La société sri-lankaise est conservatrice et patriarcale. Sudar, un porte-parole du secrétariat pour la Paix du LTTE, m’a pourtant expliqué que les femmes jouent un rôle très important dans leur organisation : « Une troupe de femmes a déjà gagné une bataille contre les forces spéciales sri-lankaises, un de nos plus grands ennemis. On raconte aussi que des femmes ont battu un groupe de bérets verts, mais ce n’est pas exact, précise-t-il. C’était une troupe entraînée par les bérets verts [officiellement, les USA n’ont pas apporté d’aide militaire au Sri Lanka]. On ne fait pas de distinction entre les hommes et les femmes – juste entre ceux qui peuvent combattre et les autres. Dans le premier cas, les femmes sont aussi utiles que les hommes. »

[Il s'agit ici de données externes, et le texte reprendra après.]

(* Let $m,n,p,q\in\mathbb{R}$ with $m<0$, and let $P(t)=t^5+mt^3+nt^2+pt+q$. Set $u=\frac{2\sqrt{-m}}{\sqrt5}$, $\alpha=\frac{16n}{u^3}$, $\beta=\frac{16p}{u^4}-5$, $\gamma=\frac{16q}{u^5}$, and $f(\theta)=\alpha\cos^2\theta+\beta\cos\theta+\cos 5\theta+\gamma$. Then the map $\theta\mapsto u\cos\theta$ restricts to a bijection from the set of zeros of $f$ in $[0,\pi]$ onto the set of roots of $P$ in $[-u,u]$. Explicitly, $\theta_0\in[0,\pi]$ satisfies $f(\theta_0)=0$ if and only if $t_0=u\cos\theta_0$ is a root of $P$. *)

theory Defs
  imports Complex_Main
begin

end

theory Submission
  imports Defs
begin

text \<open>
  The substitution \<open>t = u cos \<theta>\<close> with \<open>u\<^sup>2 = -4m/5\<close> is chosen so that the
  terms \<open>t\<^sup>5 + m t\<^sup>3\<close> of the depressed quintic become, up to the factor \<open>u\<^sup>5/16\<close>,
  the Chebyshev polynomial \<open>cos 5\<theta> = 16 cos\<^sup>5 \<theta> - 20 cos\<^sup>3 \<theta> + 5 cos \<theta>\<close> plus a
  linear correction in \<open>cos \<theta>\<close>. Hence \<open>P (u cos \<theta>) = (u\<^sup>5/16) f \<theta>\<close>, and since \<open>cos\<close>
  maps \<open>[0, \<pi>]\<close> bijectively onto \<open>[-1, 1]\<close> with inverse \<open>arccos\<close>, the zeros
  correspond.
\<close>

lemma cos_quintuple: "cos (5 * x) = 16 * cos x ^ 5 - 20 * cos x ^ 3 + 5 * cos (x::real)"
proof -
  have "cos (5 * x) = cos (4 * x) * cos x - sin (4 * x) * sin x"
    using cos_add[of "4 * x" x] by simp
  also have "\<dots> = (2 * (2 * cos x ^ 2 - 1) ^ 2 - 1) * cos x
      - 4 * sin x ^ 2 * cos x * (2 * cos x ^ 2 - 1)"
    using cos_double_cos[of "2 * x"] sin_double[of "2 * x"] cos_double_cos[of x] sin_double[of x]
    by (simp add: power2_eq_square)
  also have "\<dots> = 16 * cos x ^ 5 - 20 * cos x ^ 3 + 5 * cos x"
    unfolding sin_squared_eq by (simp add: algebra_simps power2_eq_square power3_eq_cube
        numeral_eq_Suc)
  finally show ?thesis .
qed

lemma quintic_at_scaled_cos:
  fixes u m n p q \<theta> :: real
  assumes "u \<noteq> 0" and "m = - 5 * u^2 / 4"
  shows "(u * cos \<theta>)^5 + m * (u * cos \<theta>)^3 + n * (u * cos \<theta>)^2 + p * (u * cos \<theta>) + q
    = u^5 / 16 * (16 * n / u^3 * (cos \<theta>)^2 + (16 * p / u^4 - 5) * cos \<theta> + cos (5 * \<theta>)
        + 16 * q / u^5)"
  unfolding cos_quintuple assms(2) using assms(1)
  by (simp add: field_simps power_eq_if)

lemma bij_betw_scaled_cos:
  fixes u :: real
  assumes "u > 0"
  shows "bij_betw (\<lambda>\<theta>. u * cos \<theta>) {\<theta>\<in>{0..pi}. Q (u * cos \<theta>)} {t\<in>{-u..u}. Q t}"
proof (rule bij_betw_byWitness[where f' = "\<lambda>t. arccos (t / u)"])
  have "\<bar>u * cos \<theta>\<bar> \<le> u" for \<theta>
    using assms by (simp add: abs_mult mult_left_le)
  then have cos_bounds: "- u \<le> u * cos \<theta> \<and> u * cos \<theta> \<le> u" for \<theta>
    by (meson abs_le_D1 abs_le_D2 minus_le_iff)
  have scaled_bounds: "- 1 \<le> t / u \<and> t / u \<le> 1" if "t \<in> {-u..u}" for t
    using assms that by (simp add: divide_simps)
  show "\<forall>\<theta>\<in>{\<theta>\<in>{0..pi}. Q (u * cos \<theta>)}. arccos (u * cos \<theta> / u) = \<theta>"
    using assms by (auto simp: arccos_cos)
  show "\<forall>t\<in>{t\<in>{-u..u}. Q t}. u * cos (arccos (t / u)) = t"
    using assms scaled_bounds by auto
  show "(\<lambda>\<theta>. u * cos \<theta>) ` {\<theta>\<in>{0..pi}. Q (u * cos \<theta>)} \<subseteq> {t\<in>{-u..u}. Q t}"
    using cos_bounds by auto
  show "(\<lambda>t. arccos (t / u)) ` {t\<in>{-u..u}. Q t} \<subseteq> {\<theta>\<in>{0..pi}. Q (u * cos \<theta>)}"
    using assms scaled_bounds arccos_lbound arccos_ubound by auto
qed

theorem corollary1:
  fixes m n p q :: real
  assumes "m < 0"
  defines "P \<equiv> (\<lambda>t::real. t^5 + m * t^3 + n * t^2 + p * t + q)"
    and "u \<equiv> 2 * sqrt (- m) / sqrt 5"
  defines "\<alpha> \<equiv> 16 * n / u^3"
    and "\<beta> \<equiv> 16 * p / u^4 - 5"
    and "\<gamma> \<equiv> 16 * q / u^5"
  defines "f \<equiv> (\<lambda>\<theta>::real. \<alpha> * (cos \<theta>)^2 + \<beta> * cos \<theta> + cos (5 * \<theta>) + \<gamma>)"
  shows "bij_betw (\<lambda>\<theta>. u * cos \<theta>) {\<theta>\<in>{0..pi}. f \<theta> = 0} {t\<in>{-u..u}. P t = 0}
         \<and> (\<forall>\<theta>0\<in>{0..pi}. f \<theta>0 = 0 \<longleftrightarrow> P (u * cos \<theta>0) = 0)"
proof -
  have "u > 0"
    unfolding u_def using assms(1) by simp
  moreover have "m = - 5 * u^2 / 4"
    unfolding u_def using assms(1) by (simp add: power_divide power_mult_distrib)
  ultimately have "P (u * cos \<theta>) = u^5 / 16 * f \<theta>" for \<theta>
    unfolding P_def f_def \<alpha>_def \<beta>_def \<gamma>_def by (intro quintic_at_scaled_cos) auto
  with \<open>u > 0\<close> have zeros_correspond: "f \<theta> = 0 \<longleftrightarrow> P (u * cos \<theta>) = 0" for \<theta>
    by (metis mult_eq_0_iff divide_eq_0_iff zero_neq_numeral power_not_zero less_irrefl)
  then have "{\<theta>\<in>{0..pi}. f \<theta> = 0} = {\<theta>\<in>{0..pi}. P (u * cos \<theta>) = 0}"
    by simp
  with bij_betw_scaled_cos[OF \<open>u > 0\<close>, of "\<lambda>t. P t = 0"] zeros_correspond
  show ?thesis by simp
qed

end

L’entraînement des Tigres sert à identifier ceux qui sont inutiles au combat. Tamilvili me l’a décrit. On vérifie d’abord si les nouvelles recrues ne sont pas des agents doubles. Une fois qu’elles sont acceptées, on leur demande de laisser leur ancienne vie derrière elles – papiers d’identité inclus : « C’est comme ça qu’on crée une communauté, m’a-t-elle affirmé. Dès le premier jour, le LTTE devient toute ta vie. On n’est pas payés, sauf un peu d’argent de poche de temps en temps. » Une fois que les soldats ont reçu leur nouveau nom (les plus populaires sont Yarlmathy, Thamilini et Verlini), on les envoie à l’entraînement. En gros, c’est 6 mois en enfer, qu’on soit un homme ou une femme. « On commence la journée avec deux heures de jogging, témoigne Talmivili. Ensuite, on a droit à un entraînement physique extrême. Les heures les plus chaudes de la journée sont réservées à l’entraînement technique et théorique, puis on passe l’après-midi au stand de tir. Nos armes principales sont les armes de poing, c’est donc ce qu’on nous apprend à utiliser en priorité. À 16 heures, les recrues ont le droit à 2 heures de pause avant de continuer l’entraînement pendant la soirée et une partie de la nuit. C’est là qu’on apprend les techniques de guérilla, les différents signaux et la reconnaissance de nuit. » Les recrues doivent savoir sauter d’immeubles de 5 mètres de hauteur, grimper à des arbres hauts de 30 mètres, et nager avec leur équipement dans des fleuves à forts courants. De nombreuses recrues abandonnent, se blessent ou meurent – souvent à cause des morsures de serpent. « On est quand même en pleine jungle, argue Sudar. L’équipe médicale a des antidotes mais elle n’arrive pas toujours à temps. »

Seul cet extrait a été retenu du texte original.